Task objective: Give back the entries verbatim.

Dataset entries
::::::::
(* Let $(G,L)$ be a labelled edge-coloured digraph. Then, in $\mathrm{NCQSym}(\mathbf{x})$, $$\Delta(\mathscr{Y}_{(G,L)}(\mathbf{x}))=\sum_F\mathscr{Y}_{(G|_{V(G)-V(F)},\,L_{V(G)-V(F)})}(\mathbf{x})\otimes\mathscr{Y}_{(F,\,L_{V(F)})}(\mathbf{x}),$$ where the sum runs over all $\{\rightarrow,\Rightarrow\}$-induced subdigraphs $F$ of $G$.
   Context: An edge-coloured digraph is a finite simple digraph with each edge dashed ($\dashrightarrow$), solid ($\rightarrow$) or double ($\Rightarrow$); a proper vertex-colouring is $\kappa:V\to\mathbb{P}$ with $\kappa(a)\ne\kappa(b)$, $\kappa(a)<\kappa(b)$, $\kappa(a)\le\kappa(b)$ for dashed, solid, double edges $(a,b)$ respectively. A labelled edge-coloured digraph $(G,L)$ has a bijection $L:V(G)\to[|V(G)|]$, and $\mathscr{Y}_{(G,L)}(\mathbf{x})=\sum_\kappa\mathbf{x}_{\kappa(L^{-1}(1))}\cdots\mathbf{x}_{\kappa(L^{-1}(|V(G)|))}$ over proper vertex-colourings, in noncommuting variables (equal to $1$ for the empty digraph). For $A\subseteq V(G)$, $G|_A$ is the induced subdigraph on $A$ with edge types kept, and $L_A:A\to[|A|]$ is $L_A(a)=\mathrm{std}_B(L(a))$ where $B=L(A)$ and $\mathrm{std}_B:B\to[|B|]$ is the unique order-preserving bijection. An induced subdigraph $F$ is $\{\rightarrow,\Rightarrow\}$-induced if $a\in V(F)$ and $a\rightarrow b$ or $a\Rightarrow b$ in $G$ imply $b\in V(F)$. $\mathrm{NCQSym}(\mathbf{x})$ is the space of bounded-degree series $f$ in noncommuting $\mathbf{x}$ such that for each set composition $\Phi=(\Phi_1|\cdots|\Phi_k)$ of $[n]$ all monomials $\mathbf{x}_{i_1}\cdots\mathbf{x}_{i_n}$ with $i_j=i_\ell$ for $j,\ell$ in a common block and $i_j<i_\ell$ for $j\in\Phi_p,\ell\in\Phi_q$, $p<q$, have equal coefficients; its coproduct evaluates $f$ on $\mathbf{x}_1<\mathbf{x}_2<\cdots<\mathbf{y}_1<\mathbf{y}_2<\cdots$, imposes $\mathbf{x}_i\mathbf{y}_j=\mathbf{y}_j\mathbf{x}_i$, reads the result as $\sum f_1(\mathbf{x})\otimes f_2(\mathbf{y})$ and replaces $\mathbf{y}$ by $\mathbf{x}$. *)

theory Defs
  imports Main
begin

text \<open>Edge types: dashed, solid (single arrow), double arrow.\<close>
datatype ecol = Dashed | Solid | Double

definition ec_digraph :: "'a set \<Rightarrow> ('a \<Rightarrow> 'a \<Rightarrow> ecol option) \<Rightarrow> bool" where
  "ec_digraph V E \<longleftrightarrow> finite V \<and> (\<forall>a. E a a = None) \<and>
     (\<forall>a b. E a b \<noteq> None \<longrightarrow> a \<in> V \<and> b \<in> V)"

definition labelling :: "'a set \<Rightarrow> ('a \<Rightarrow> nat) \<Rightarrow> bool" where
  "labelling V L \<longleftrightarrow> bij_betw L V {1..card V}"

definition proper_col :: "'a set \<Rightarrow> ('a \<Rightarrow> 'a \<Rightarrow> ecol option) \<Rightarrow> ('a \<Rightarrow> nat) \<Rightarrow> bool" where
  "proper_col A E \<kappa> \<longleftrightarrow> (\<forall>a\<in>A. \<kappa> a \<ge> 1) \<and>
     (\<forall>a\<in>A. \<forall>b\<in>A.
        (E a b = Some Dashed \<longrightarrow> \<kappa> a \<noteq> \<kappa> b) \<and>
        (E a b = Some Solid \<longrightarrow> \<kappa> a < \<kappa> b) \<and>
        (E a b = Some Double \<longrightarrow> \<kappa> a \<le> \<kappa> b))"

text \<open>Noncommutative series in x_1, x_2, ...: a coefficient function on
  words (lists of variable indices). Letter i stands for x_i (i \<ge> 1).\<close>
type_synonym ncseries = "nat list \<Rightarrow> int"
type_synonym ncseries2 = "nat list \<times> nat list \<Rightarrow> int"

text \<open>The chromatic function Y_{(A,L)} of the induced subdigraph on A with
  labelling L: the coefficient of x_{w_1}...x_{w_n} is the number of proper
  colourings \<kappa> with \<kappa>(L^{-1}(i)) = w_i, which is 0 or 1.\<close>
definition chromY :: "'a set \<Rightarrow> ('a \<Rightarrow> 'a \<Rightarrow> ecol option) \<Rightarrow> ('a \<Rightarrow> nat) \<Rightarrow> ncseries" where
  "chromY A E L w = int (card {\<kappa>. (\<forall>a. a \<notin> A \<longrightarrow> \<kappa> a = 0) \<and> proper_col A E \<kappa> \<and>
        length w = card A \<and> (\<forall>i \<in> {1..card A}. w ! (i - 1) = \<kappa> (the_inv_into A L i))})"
::::::::
Solved problem:
(* Let $(G,L)$ be a labelled edge-coloured digraph. Then, in $\mathrm{NCQSym}(\mathbf{x})$, $$\Delta(\mathscr{Y}_{(G,L)}(\mathbf{x}))=\sum_F\mathscr{Y}_{(G|_{V(G)-V(F)},\,L_{V(G)-V(F)})}(\mathbf{x})\otimes\mathscr{Y}_{(F,\,L_{V(F)})}(\mathbf{x}),$$ where the sum runs over all $\{\rightarrow,\Rightarrow\}$-induced subdigraphs $F$ of $G$.
   Context: An edge-coloured digraph is a finite simple digraph with each edge dashed ($\dashrightarrow$), solid ($\rightarrow$) or double ($\Rightarrow$); a proper vertex-colouring is $\kappa:V\to\mathbb{P}$ with $\kappa(a)\ne\kappa(b)$, $\kappa(a)<\kappa(b)$, $\kappa(a)\le\kappa(b)$ for dashed, solid, double edges $(a,b)$ respectively. A labelled edge-coloured digraph $(G,L)$ has a bijection $L:V(G)\to[|V(G)|]$, and $\mathscr{Y}_{(G,L)}(\mathbf{x})=\sum_\kappa\mathbf{x}_{\kappa(L^{-1}(1))}\cdots\mathbf{x}_{\kappa(L^{-1}(|V(G)|))}$ over proper vertex-colourings, in noncommuting variables (equal to $1$ for the empty digraph). For $A\subseteq V(G)$, $G|_A$ is the induced subdigraph on $A$ with edge types kept, and $L_A:A\to[|A|]$ is $L_A(a)=\mathrm{std}_B(L(a))$ where $B=L(A)$ and $\mathrm{std}_B:B\to[|B|]$ is the unique order-preserving bijection. An induced subdigraph $F$ is $\{\rightarrow,\Rightarrow\}$-induced if $a\in V(F)$ and $a\rightarrow b$ or $a\Rightarrow b$ in $G$ imply $b\in V(F)$. $\mathrm{NCQSym}(\mathbf{x})$ is the space of bounded-degree series $f$ in noncommuting $\mathbf{x}$ such that for each set composition $\Phi=(\Phi_1|\cdots|\Phi_k)$ of $[n]$ all monomials $\mathbf{x}_{i_1}\cdots\mathbf{x}_{i_n}$ with $i_j=i_\ell$ for $j,\ell$ in a common block and $i_j<i_\ell$ for $j\in\Phi_p,\ell\in\Phi_q$, $p<q$, have equal coefficients; its coproduct evaluates $f$ on $\mathbf{x}_1<\mathbf{x}_2<\cdots<\mathbf{y}_1<\mathbf{y}_2<\cdots$, imposes $\mathbf{x}_i\mathbf{y}_j=\mathbf{y}_j\mathbf{x}_i$, reads the result as $\sum f_1(\mathbf{x})\otimes f_2(\mathbf{y})$ and replaces $\mathbf{y}$ by $\mathbf{x}$. *)

theory Defs
  imports Main
begin

text \<open>Edge types: dashed, solid (single arrow), double arrow.\<close>
datatype ecol = Dashed | Solid | Double

definition ec_digraph :: "'a set \<Rightarrow> ('a \<Rightarrow> 'a \<Rightarrow> ecol option) \<Rightarrow> bool" where
  "ec_digraph V E \<longleftrightarrow> finite V \<and> (\<forall>a. E a a = None) \<and>
     (\<forall>a b. E a b \<noteq> None \<longrightarrow> a \<in> V \<and> b \<in> V)"

definition labelling :: "'a set \<Rightarrow> ('a \<Rightarrow> nat) \<Rightarrow> bool" where
  "labelling V L \<longleftrightarrow> bij_betw L V {1..card V}"

definition proper_col :: "'a set \<Rightarrow> ('a \<Rightarrow> 'a \<Rightarrow> ecol option) \<Rightarrow> ('a \<Rightarrow> nat) \<Rightarrow> bool" where
  "proper_col A E \<kappa> \<longleftrightarrow> (\<forall>a\<in>A. \<kappa> a \<ge> 1) \<and>
     (\<forall>a\<in>A. \<forall>b\<in>A.
        (E a b = Some Dashed \<longrightarrow> \<kappa> a \<noteq> \<kappa> b) \<and>
        (E a b = Some Solid \<longrightarrow> \<kappa> a < \<kappa> b) \<and>
        (E a b = Some Double \<longrightarrow> \<kappa> a \<le> \<kappa> b))"

text \<open>Noncommutative series in x_1, x_2, ...: a coefficient function on
  words (lists of variable indices). Letter i stands for x_i (i \<ge> 1).\<close>
type_synonym ncseries = "nat list \<Rightarrow> int"
type_synonym ncseries2 = "nat list \<times> nat list \<Rightarrow> int"

text \<open>The chromatic function Y_{(A,L)} of the induced subdigraph on A with
  labelling L: the coefficient of x_{w_1}...x_{w_n} is the number of proper
  colourings \<kappa> with \<kappa>(L^{-1}(i)) = w_i, which is 0 or 1.\<close>
definition chromY :: "'a set \<Rightarrow> ('a \<Rightarrow> 'a \<Rightarrow> ecol option) \<Rightarrow> ('a \<Rightarrow> nat) \<Rightarrow> ncseries" where
  "chromY A E L w = int (card {\<kappa>. (\<forall>a. a \<notin> A \<longrightarrow> \<kappa> a = 0) \<and> proper_col A E \<kappa> \<and>
        length w = card A \<and> (\<forall>i \<in> {1..card A}. w ! (i - 1) = \<kappa> (the_inv_into A L i))})"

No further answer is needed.